- _WORK TASK_
Gather each line in the entries that includes the string "unions".

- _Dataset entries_

(* Let $\mathcal I$ be an admissible analytic $P$-ideal on $\mathbb N$. If $A\in\mathcal{I}\mathcal{A}$ and $G$ is the subgroup of $\mathbb T$ generated by $A$, then $G\in\mathcal{I}\mathcal{A}$.
   Context: $\mathbb T=\mathbb R/\mathbb Z$ identified with $[0,1]$ (0 and 1 identified), with addition mod 1; $\|x\|$ is the distance from $x$ to the nearest integer. An ideal $\mathcal I$ on $\mathbb N$ is a nonempty family of subsets of $\mathbb N$ closed under finite unions and subsets with $\mathbb N\notin\mathcal I$; admissible means all singletons belong to it; $P$-ideal means for every sequence $(A_n)$ in $\mathcal I$ there is $A\in\mathcal I$ with $A_n\setminus A$ finite for all $n$; analytic means analytic as a subset of $2^{\mathbb N}$. A sequence $(x_n)$ $\mathcal I$-converges to $x$ if for every open $U\ni x$, $\{n:x_n\notin U\}\in\mathcal I$. A set $X\subseteq[0,1]$ is $\mathcal I$-Arbault if there is an increasing sequence of naturals $(a_n)$ such that $\|a_nx\|$ $\mathcal I$-converges to $0$ for every $x\in X$; $\mathcal{I}\mathcal{A}$ denotes the family of all such sets. *)

theory Defs
  imports "HOL-Analysis.Analysis"
begin

definition is_ideal :: "nat set set \<Rightarrow> bool" where
  "is_ideal I \<longleftrightarrow> I \<noteq> {} \<and> (\<forall>A\<in>I. \<forall>B\<in>I. A \<union> B \<in> I)
      \<and> (\<forall>A\<in>I. \<forall>B. B \<subseteq> A \<longrightarrow> B \<in> I) \<and> UNIV \<notin> I"

definition admissible_ideal :: "nat set set \<Rightarrow> bool" where
  "admissible_ideal I \<longleftrightarrow> (\<forall>n. {n} \<in> I)"

definition P_ideal :: "nat set set \<Rightarrow> bool" where
  "P_ideal I \<longleftrightarrow> (\<forall>As :: nat \<Rightarrow> nat set. (\<forall>n. As n \<in> I) \<longrightarrow>
      (\<exists>A\<in>I. \<forall>n. finite (As n - A)))"

definition analytic_set :: "'a::topological_space set \<Rightarrow> bool" where
  "analytic_set S \<longleftrightarrow> S = {} \<or>
     (\<exists>f :: (nat \<Rightarrow> nat) \<Rightarrow> 'a. continuous_on UNIV f \<and> range f = S)"

text \<open>An ideal is analytic if it is analytic as a subset of the Cantor space 2^N,
  subsets of N being identified with their characteristic functions nat => bool.\<close>
definition analytic_ideal :: "nat set set \<Rightarrow> bool" where
  "analytic_ideal I \<longleftrightarrow> analytic_set ((\<lambda>A. (\<lambda>n. n \<in> A)) ` I)"

definition I_convergent :: "nat set set \<Rightarrow> (nat \<Rightarrow> 'a::topological_space) \<Rightarrow> 'a \<Rightarrow> bool" where
  "I_convergent I x l \<longleftrightarrow> (\<forall>U. open U \<and> l \<in> U \<longrightarrow> {n. x n \<notin> U} \<in> I)"

definition dist_int :: "real \<Rightarrow> real" where
  "dist_int x = \<bar>x - of_int (round x)\<bar>"

definition I_Arbault :: "nat set set \<Rightarrow> real set \<Rightarrow> bool" where
  "I_Arbault I X \<longleftrightarrow> X \<subseteq> {0..1} \<and>
     (\<exists>a :: nat \<Rightarrow> nat. strict_mono a \<and>
        (\<forall>x\<in>X. I_convergent I (\<lambda>n. dist_int (real (a n) * x)) 0))"

text \<open>Subgroup of T = R/Z generated by A, viewed as a subset of [0,1]
  (with 0 and 1 identified): all points of [0,1] congruent mod 1 to a finite
  integer combination of elements of A.\<close>
definition T_subgroup_generated :: "real set \<Rightarrow> real set" where
  "T_subgroup_generated A = {x \<in> {0..1}. \<exists>S k. finite S \<and> S \<subseteq> A \<and>
       x - (\<Sum>s\<in>S. of_int (k s) * s) \<in> \<int>}"

end

theory Submission
  imports Defs
begin

text \<open>If \<open>x \<equiv> \<Sum> k\<^sub>s s (mod 1)\<close> with \<open>s \<in> A\<close>, then \<open>\<parallel>a\<^sub>n x\<parallel> \<le> \<Sum> \<bar>k\<^sub>s\<bar> \<parallel>a\<^sub>n s\<parallel>\<close>,
  so the set where \<open>\<parallel>a\<^sub>n x\<parallel> \<ge> \<epsilon>\<close> lies in the finite union of the sets where
  \<open>\<parallel>a\<^sub>n s\<parallel> \<ge> \<epsilon>/K\<close>, and ideals are closed under finite unions. Thus the sequence
  witnessing that \<open>A\<close> is \<open>\<I>\<close>-Arbault also works for the generated subgroup; only the
  ideal axioms are needed, not admissibility, analyticity or the P-property.\<close>

lemma ideal_empty: "is_ideal I \<Longrightarrow> {} \<in> I"
  unfolding is_ideal_def by blast

lemma ideal_subset: "is_ideal I \<Longrightarrow> A \<in> I \<Longrightarrow> B \<subseteq> A \<Longrightarrow> B \<in> I"
  unfolding is_ideal_def by blast

lemma ideal_finite_UN:
  assumes "is_ideal I" "finite S" "\<And>s. s \<in> S \<Longrightarrow> B s \<in> I"
  shows "(\<Union>s\<in>S. B s) \<in> I"
  using assms(2,3)
proof (induction S rule: finite_induct)
  case empty
  then show ?case using ideal_empty[OF assms(1)] by simp
next
  case (insert x F)
  then show ?case using assms(1) unfolding is_ideal_def by simp
qed

lemma I_convergent_iff_dist:
  fixes f :: "nat \<Rightarrow> 'a::metric_space"
  assumes "is_ideal I"
  shows "I_convergent I f l \<longleftrightarrow> (\<forall>e>0. {n. e \<le> dist (f n) l} \<in> I)"
proof
  assume conv: "I_convergent I f l"
  show "\<forall>e>0. {n. e \<le> dist (f n) l} \<in> I"
  proof (intro allI impI)
    fix e :: real
    assume "e > 0"
    then have "{n. f n \<notin> ball l e} \<in> I"
      using conv unfolding I_convergent_def by (meson open_ball centre_in_ball)
    moreover have "{n. f n \<notin> ball l e} = {n. e \<le> dist (f n) l}"
      by (auto simp: dist_commute)
    ultimately show "{n. e \<le> dist (f n) l} \<in> I"
      by simp
  qed
next
  assume small: "\<forall>e>0. {n. e \<le> dist (f n) l} \<in> I"
  show "I_convergent I f l"
    unfolding I_convergent_def
  proof (intro allI impI)
    fix U
    assume "open U \<and> l \<in> U"
    then obtain e where "e > 0" "ball l e \<subseteq> U"
      using open_contains_ball by blast
    then have "{n. f n \<notin> U} \<subseteq> {n. e \<le> dist (f n) l}"
      by (auto simp: dist_commute not_less)
    then show "{n. f n \<notin> U} \<in> I"
      using ideal_subset[OF assms] small \<open>e > 0\<close> by blast
  qed
qed

lemma I_convergent_zero_dominated:
  fixes f :: "nat \<Rightarrow> real" and g :: "'s \<Rightarrow> nat \<Rightarrow> real"
  assumes "is_ideal I" "finite S"
    and g: "\<And>s. s \<in> S \<Longrightarrow> I_convergent I (g s) 0"
    and c: "\<And>s. s \<in> S \<Longrightarrow> c s \<ge> 0"
    and dom: "\<And>n. \<bar>f n\<bar> \<le> (\<Sum>s\<in>S. c s * \<bar>g s n\<bar>)"
  shows "I_convergent I f 0"
  unfolding I_convergent_iff_dist[OF assms(1)] dist_real_def diff_0_right
proof (intro allI impI)
  fix e :: real
  assume "e > 0"
  define K where "K = 1 + (\<Sum>s\<in>S. c s)"
  have "(\<Sum>s\<in>S. c s) < K" "K > 0"
    unfolding K_def using sum_nonneg[of S c] c by auto
  have "{n. e \<le> \<bar>f n\<bar>} \<subseteq> (\<Union>s\<in>S. {n. e / K \<le> \<bar>g s n\<bar>})"
  proof (rule subsetI, rule ccontr)
    fix n
    assume "n \<in> {n. e \<le> \<bar>f n\<bar>}" and "n \<notin> (\<Union>s\<in>S. {n. e / K \<le> \<bar>g s n\<bar>})"
    then have "e \<le> \<bar>f n\<bar>" and small: "\<And>s. s \<in> S \<Longrightarrow> \<bar>g s n\<bar> \<le> e / K"
      by auto
    have "\<bar>f n\<bar> \<le> (\<Sum>s\<in>S. c s * \<bar>g s n\<bar>)"
      by (rule dom)
    also have "\<dots> \<le> (\<Sum>s\<in>S. c s * (e / K))"
      by (intro sum_mono mult_left_mono small c)
    also have "\<dots> = (\<Sum>s\<in>S. c s) * (e / K)"
      by (rule sum_distrib_right[symmetric])
    also have "\<dots> < K * (e / K)"
      using \<open>(\<Sum>s\<in>S. c s) < K\<close> \<open>K > 0\<close> \<open>e > 0\<close> by (intro mult_strict_right_mono) auto
    also have "\<dots> = e"
      using \<open>K > 0\<close> by simp
    finally show False
      using \<open>e \<le> \<bar>f n\<bar>\<close> by simp
  qed
  moreover have "(\<Union>s\<in>S. {n. e / K \<le> \<bar>g s n\<bar>}) \<in> I"
    using g \<open>e > 0\<close> \<open>K > 0\<close>
    by (intro ideal_finite_UN[OF assms(1,2)]) (simp add: I_convergent_iff_dist[OF assms(1)] dist_real_def)
  ultimately show "{n. e \<le> \<bar>f n\<bar>} \<in> I"
    using ideal_subset[OF assms(1)] by blast
qed

lemma dist_int_nonneg: "dist_int x \<ge> 0"
  unfolding dist_int_def by simp

lemma dist_int_le: "dist_int x \<le> \<bar>x - of_int m\<bar>"
  unfolding dist_int_def by (rule round_diff_minimal)

lemma dist_int_int_combination_le:
  assumes "finite S"
  shows "dist_int (of_int m + (\<Sum>s\<in>S. of_int (k s) * y s))
           \<le> (\<Sum>s\<in>S. \<bar>of_int (k s)\<bar> * dist_int (y s))"
proof -
  let ?r = "\<lambda>s. y s - of_int (round (y s))"
  have "of_int m + (\<Sum>s\<in>S. of_int (k s) * y s) - of_int (m + (\<Sum>s\<in>S. k s * round (y s)))
          = (\<Sum>s\<in>S. of_int (k s) * ?r s)"
    by (simp add: algebra_simps sum_subtractf)
  then have "dist_int (of_int m + (\<Sum>s\<in>S. of_int (k s) * y s)) \<le> \<bar>\<Sum>s\<in>S. of_int (k s) * ?r s\<bar>"
    by (metis dist_int_le)
  also have "\<dots> \<le> (\<Sum>s\<in>S. \<bar>of_int (k s) * ?r s\<bar>)"
    by (rule sum_abs)
  also have "\<dots> = (\<Sum>s\<in>S. \<bar>of_int (k s)\<bar> * dist_int (y s))"
    by (simp add: abs_mult dist_int_def)
  finally show ?thesis .
qed

lemma I_convergent_dist_int_int_combination:
  assumes "is_ideal I" "finite S" "S \<subseteq> A"
    and A: "\<And>s. s \<in> A \<Longrightarrow> I_convergent I (\<lambda>n. dist_int (real (a n) * s)) 0"
    and x: "x - (\<Sum>s\<in>S. of_int (k s) * s) \<in> \<int>"
  shows "I_convergent I (\<lambda>n. dist_int (real (a n) * x)) 0"
proof (rule I_convergent_zero_dominated[OF assms(1,2), where c = "\<lambda>s. \<bar>of_int (k s)\<bar>"])
  show "I_convergent I (\<lambda>n. dist_int (real (a n) * s)) 0" if "s \<in> S" for s
    using A \<open>S \<subseteq> A\<close> that by blast
  obtain m where "x - (\<Sum>s\<in>S. of_int (k s) * s) = of_int m"
    using x by (elim Ints_cases)
  then have m: "x = of_int m + (\<Sum>s\<in>S. of_int (k s) * s)"
    by simp
  fix n
  have "real (a n) * x = of_int (int (a n) * m) + (\<Sum>s\<in>S. of_int (k s) * (real (a n) * s))"
    unfolding m by (simp add: algebra_simps sum_distrib_left)
  then have "dist_int (real (a n) * x) \<le> (\<Sum>s\<in>S. \<bar>of_int (k s)\<bar> * dist_int (real (a n) * s))"
    using dist_int_int_combination_le[OF assms(2), of "int (a n) * m" k "\<lambda>s. real (a n) * s"]
    by simp
  then show "\<bar>dist_int (real (a n) * x)\<bar>
      \<le> (\<Sum>s\<in>S. \<bar>of_int (k s)\<bar> * \<bar>dist_int (real (a n) * s)\<bar>)"
    by (simp add: dist_int_nonneg)
qed simp

theorem proposition3p4:
  fixes I :: "nat set set" and A :: "real set"
  assumes "is_ideal I" and "admissible_ideal I" and "analytic_ideal I" and "P_ideal I"
    and "I_Arbault I A"
  shows "I_Arbault I (T_subgroup_generated A)"
proof -
  obtain a where "strict_mono a"
    and A: "\<And>s. s \<in> A \<Longrightarrow> I_convergent I (\<lambda>n. dist_int (real (a n) * s)) 0"
    using assms(5) unfolding I_Arbault_def by blast
  have "I_convergent I (\<lambda>n. dist_int (real (a n) * x)) 0" if "x \<in> T_subgroup_generated A" for x
    using that I_convergent_dist_int_int_combination[OF assms(1) _ _ A]
    unfolding T_subgroup_generated_def by blast
  moreover have "T_subgroup_generated A \<subseteq> {0..1}"
    unfolding T_subgroup_generated_def by blast
  ultimately show ?thesis
    unfolding I_Arbault_def using \<open>strict_mono a\<close> by blast
qed

end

- _ANSWER SECTION_
   Context: $\mathbb T=\mathbb R/\mathbb Z$ identified with $[0,1]$ (0 and 1 identified), with addition mod 1; $\|x\|$ is the distance from $x$ to the nearest integer. An ideal $\mathcal I$ on $\mathbb N$ is a nonempty family of subsets of $\mathbb N$ closed under finite unions and subsets with $\mathbb N\notin\mathcal I$; admissible means all singletons belong to it; $P$-ideal means for every sequence $(A_n)$ in $\mathcal I$ there is $A\in\mathcal I$ with $A_n\setminus A$ finite for all $n$; analytic means analytic as a subset of $2^{\mathbb N}$. A sequence $(x_n)$ $\mathcal I$-converges to $x$ if for every open $U\ni x$, $\{n:x_n\notin U\}\in\mathcal I$. A set $X\subseteq[0,1]$ is $\mathcal I$-Arbault if there is an increasing sequence of naturals $(a_n)$ such that $\|a_nx\|$ $\mathcal I$-converges to $0$ for every $x\in X$; $\mathcal{I}\mathcal{A}$ denotes the family of all such sets. *)
  \<open>\<parallel>a\<^sub>n s\<parallel> \<ge> \<epsilon>/K\<close>, and ideals are closed under finite unions. Thus the sequence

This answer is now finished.